lemma sum_inverse_dist_congruent_le:
  fixes A :: "nat set"
  assumes A: "A \<subseteq> {1..M}" and cong: "\<And>n'. n' \<in> A \<Longrightarrow> [n' = n] (mod m)"
    and "n \<le> M" "m > 0"
  shows "(\<Sum>n'\<in>A - {n}. 1 / \<bar>real n' - real n\<bar>) \<le> 2 * harm M / real m"
proof -
  have "finite A" using A finite_subset by blast
  have half: "(\<Sum>n'\<in>S. 1 / real (g n')) \<le> harm M / real m"
    if "inj_on g S" "g ` S \<subseteq> {1..M}" "\<And>n'. n' \<in> S \<Longrightarrow> m dvd g n'" for g S
    using sum_inverse_multiples_le_harm[OF that(2) _ \<open>m > 0\<close>] that(1,3)
    by (auto simp: sum.reindex)
  define L where "L = {n'\<in>A. n' < n}"
  define U where "U = {n'\<in>A. n < n'}"
  have "A - {n} = L \<union> U" "finite L" "finite U" "L \<inter> U = {}"
    using \<open>finite A\<close> unfolding L_def U_def by auto
  then have "(\<Sum>n'\<in>A - {n}. 1 / \<bar>real n' - real n\<bar>) =
      (\<Sum>n'\<in>L. 1 / \<bar>real n' - real n\<bar>) + (\<Sum>n'\<in>U. 1 / \<bar>real n' - real n\<bar>)"
    by (simp add: sum.union_disjoint)
  also have "\<dots> = (\<Sum>n'\<in>L. 1 / real (n - n')) + (\<Sum>n'\<in>U. 1 / real (n' - n))"
    by (intro arg_cong2[where f = "(+)"] sum.cong) (auto simp: L_def U_def of_nat_diff)
  also have "\<dots> \<le> harm M / real m + harm M / real m"
  proof (intro add_mono half)
    show "m dvd n - n'" if "n' \<in> L" for n'
      using that cong[of n'] cong_altdef_nat[of n' n] by (auto simp: L_def cong_sym_eq)
    show "m dvd n' - n" if "n' \<in> U" for n'
      using that cong[of n'] cong_altdef_nat[of n n'] by (auto simp: U_def)
  qed (use \<open>n \<le> M\<close> in \<open>auto simp: L_def U_def inj_on_def dest!: subsetD[OF A]\<close>)
  finally show ?thesis by simp
qed

lemma mean_value_congruent_dirichlet_poly:
  fixes c :: "nat \<Rightarrow> complex"
  assumes A: "A \<subseteq> {1..M}" and cong: "\<And>n n'. n \<in> A \<Longrightarrow> n' \<in> A \<Longrightarrow> [n' = n] (mod m)"
    and "m > 0" "T \<ge> 0"
  shows "integral {-T..T} (\<lambda>t. (norm (\<Sum>n\<in>A. c n * cis (t * - ln (real n))))^2)
    \<le> (2 * T + 4 * real M * harm M / real m) * (\<Sum>n\<in>A. (norm (c n))^2)"
proof -
  have "finite A" using A finite_subset by blast
  have "inj_on (\<lambda>n. - ln (real n)) A"
  proof (rule inj_onI)
    fix x y assume "x \<in> A" "y \<in> A" "- ln (real x) = - ln (real y)"
    moreover have "real x > 0" "real y > 0" using A \<open>x \<in> A\<close> \<open>y \<in> A\<close> by auto
    ultimately show "x = y" by simp
  qed
  moreover have "(\<Sum>n'\<in>A - {n}. 1 / \<bar>- ln (real n) - - ln (real n')\<bar>) \<le> 2 * real M * harm M / real m"
    if "n \<in> A" for n
  proof -
    have "1 / \<bar>- ln (real n) - - ln (real n')\<bar> \<le> real M * (1 / \<bar>real n' - real n\<bar>)"
      if "n' \<in> A - {n}" for n'
    proof -
      have le: "\<bar>real n' - real n\<bar> \<le> real M * \<bar>ln (real n') - ln (real n)\<bar>"
        using A \<open>n \<in> A\<close> that by (intro abs_diff_le_mult_abs_ln_diff) auto
      have pos: "\<bar>real n' - real n\<bar> > 0" using that by auto
      with le have "\<bar>ln (real n') - ln (real n)\<bar> > 0"
        by (cases "ln (real n') = ln (real n)") auto
      with le pos show ?thesis by (simp add: field_simps abs_minus_commute)
    qed
    then have "(\<Sum>n'\<in>A - {n}. 1 / \<bar>- ln (real n) - - ln (real n')\<bar>) \<le>
        real M * (\<Sum>n'\<in>A - {n}. 1 / \<bar>real n' - real n\<bar>)"
      unfolding sum_distrib_left by (intro sum_mono) simp
    also have "\<dots> \<le> real M * (2 * harm M / real m)"
      using A \<open>n \<in> A\<close> cong \<open>m > 0\<close>
      by (intro mult_left_mono sum_inverse_dist_congruent_le) auto
    finally show ?thesis by (simp add: mult_ac)
  qed
  ultimately have "integral {-T..T} (\<lambda>t. (norm (\<Sum>n\<in>A. c n * cis (t * - ln (real n))))^2)
      \<le> (2 * T + 2 * (2 * real M * harm M / real m)) * (\<Sum>n\<in>A. (norm (c n))^2)"
    by (intro mean_value_spaced_frequencies \<open>finite A\<close> \<open>T \<ge> 0\<close>)
  then show ?thesis by (simp add: mult.assoc)
qed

→ **ABOUT THIS TASK**
Your answer must be the complete data, repeated word for word.

→ **RESULT FOR THIS TASK**
lemma sum_inverse_dist_congruent_le:
  fixes A :: "nat set"
  assumes A: "A \<subseteq> {1..M}" and cong: "\<And>n'. n' \<in> A \<Longrightarrow> [n' = n] (mod m)"
    and "n \<le> M" "m > 0"
  shows "(\<Sum>n'\<in>A - {n}. 1 / \<bar>real n' - real n\<bar>) \<le> 2 * harm M / real m"
proof -
  have "finite A" using A finite_subset by blast
  have half: "(\<Sum>n'\<in>S. 1 / real (g n')) \<le> harm M / real m"
    if "inj_on g S" "g ` S \<subseteq> {1..M}" "\<And>n'. n' \<in> S \<Longrightarrow> m dvd g n'" for g S
    using sum_inverse_multiples_le_harm[OF that(2) _ \<open>m > 0\<close>] that(1,3)
    by (auto simp: sum.reindex)
  define L where "L = {n'\<in>A. n' < n}"
  define U where "U = {n'\<in>A. n < n'}"
  have "A - {n} = L \<union> U" "finite L" "finite U" "L \<inter> U = {}"
    using \<open>finite A\<close> unfolding L_def U_def by auto
  then have "(\<Sum>n'\<in>A - {n}. 1 / \<bar>real n' - real n\<bar>) =
      (\<Sum>n'\<in>L. 1 / \<bar>real n' - real n\<bar>) + (\<Sum>n'\<in>U. 1 / \<bar>real n' - real n\<bar>)"
    by (simp add: sum.union_disjoint)
  also have "\<dots> = (\<Sum>n'\<in>L. 1 / real (n - n')) + (\<Sum>n'\<in>U. 1 / real (n' - n))"
    by (intro arg_cong2[where f = "(+)"] sum.cong) (auto simp: L_def U_def of_nat_diff)
  also have "\<dots> \<le> harm M / real m + harm M / real m"
  proof (intro add_mono half)
    show "m dvd n - n'" if "n' \<in> L" for n'
      using that cong[of n'] cong_altdef_nat[of n' n] by (auto simp: L_def cong_sym_eq)
    show "m dvd n' - n" if "n' \<in> U" for n'
      using that cong[of n'] cong_altdef_nat[of n n'] by (auto simp: U_def)
  qed (use \<open>n \<le> M\<close> in \<open>auto simp: L_def U_def inj_on_def dest!: subsetD[OF A]\<close>)
  finally show ?thesis by simp
qed

lemma mean_value_congruent_dirichlet_poly:
  fixes c :: "nat \<Rightarrow> complex"
  assumes A: "A \<subseteq> {1..M}" and cong: "\<And>n n'. n \<in> A \<Longrightarrow> n' \<in> A \<Longrightarrow> [n' = n] (mod m)"
    and "m > 0" "T \<ge> 0"
  shows "integral {-T..T} (\<lambda>t. (norm (\<Sum>n\<in>A. c n * cis (t * - ln (real n))))^2)
    \<le> (2 * T + 4 * real M * harm M / real m) * (\<Sum>n\<in>A. (norm (c n))^2)"
proof -
  have "finite A" using A finite_subset by blast
  have "inj_on (\<lambda>n. - ln (real n)) A"
  proof (rule inj_onI)
    fix x y assume "x \<in> A" "y \<in> A" "- ln (real x) = - ln (real y)"
    moreover have "real x > 0" "real y > 0" using A \<open>x \<in> A\<close> \<open>y \<in> A\<close> by auto
    ultimately show "x = y" by simp
  qed
  moreover have "(\<Sum>n'\<in>A - {n}. 1 / \<bar>- ln (real n) - - ln (real n')\<bar>) \<le> 2 * real M * harm M / real m"
    if "n \<in> A" for n
  proof -
    have "1 / \<bar>- ln (real n) - - ln (real n')\<bar> \<le> real M * (1 / \<bar>real n' - real n\<bar>)"
      if "n' \<in> A - {n}" for n'
    proof -
      have le: "\<bar>real n' - real n\<bar> \<le> real M * \<bar>ln (real n') - ln (real n)\<bar>"
        using A \<open>n \<in> A\<close> that by (intro abs_diff_le_mult_abs_ln_diff) auto
      have pos: "\<bar>real n' - real n\<bar> > 0" using that by auto
      with le have "\<bar>ln (real n') - ln (real n)\<bar> > 0"
        by (cases "ln (real n') = ln (real n)") auto
      with le pos show ?thesis by (simp add: field_simps abs_minus_commute)
    qed
    then have "(\<Sum>n'\<in>A - {n}. 1 / \<bar>- ln (real n) - - ln (real n')\<bar>) \<le>
        real M * (\<Sum>n'\<in>A - {n}. 1 / \<bar>real n' - real n\<bar>)"
      unfolding sum_distrib_left by (intro sum_mono) simp
    also have "\<dots> \<le> real M * (2 * harm M / real m)"
      using A \<open>n \<in> A\<close> cong \<open>m > 0\<close>
      by (intro mult_left_mono sum_inverse_dist_congruent_le) auto
    finally show ?thesis by (simp add: mult_ac)
  qed
  ultimately have "integral {-T..T} (\<lambda>t. (norm (\<Sum>n\<in>A. c n * cis (t * - ln (real n))))^2)
      \<le> (2 * T + 2 * (2 * real M * harm M / real m)) * (\<Sum>n\<in>A. (norm (c n))^2)"
    by (intro mean_value_spaced_frequencies \<open>finite A\<close> \<open>T \<ge> 0\<close>)
  then show ?thesis by (simp add: mult.assoc)
qed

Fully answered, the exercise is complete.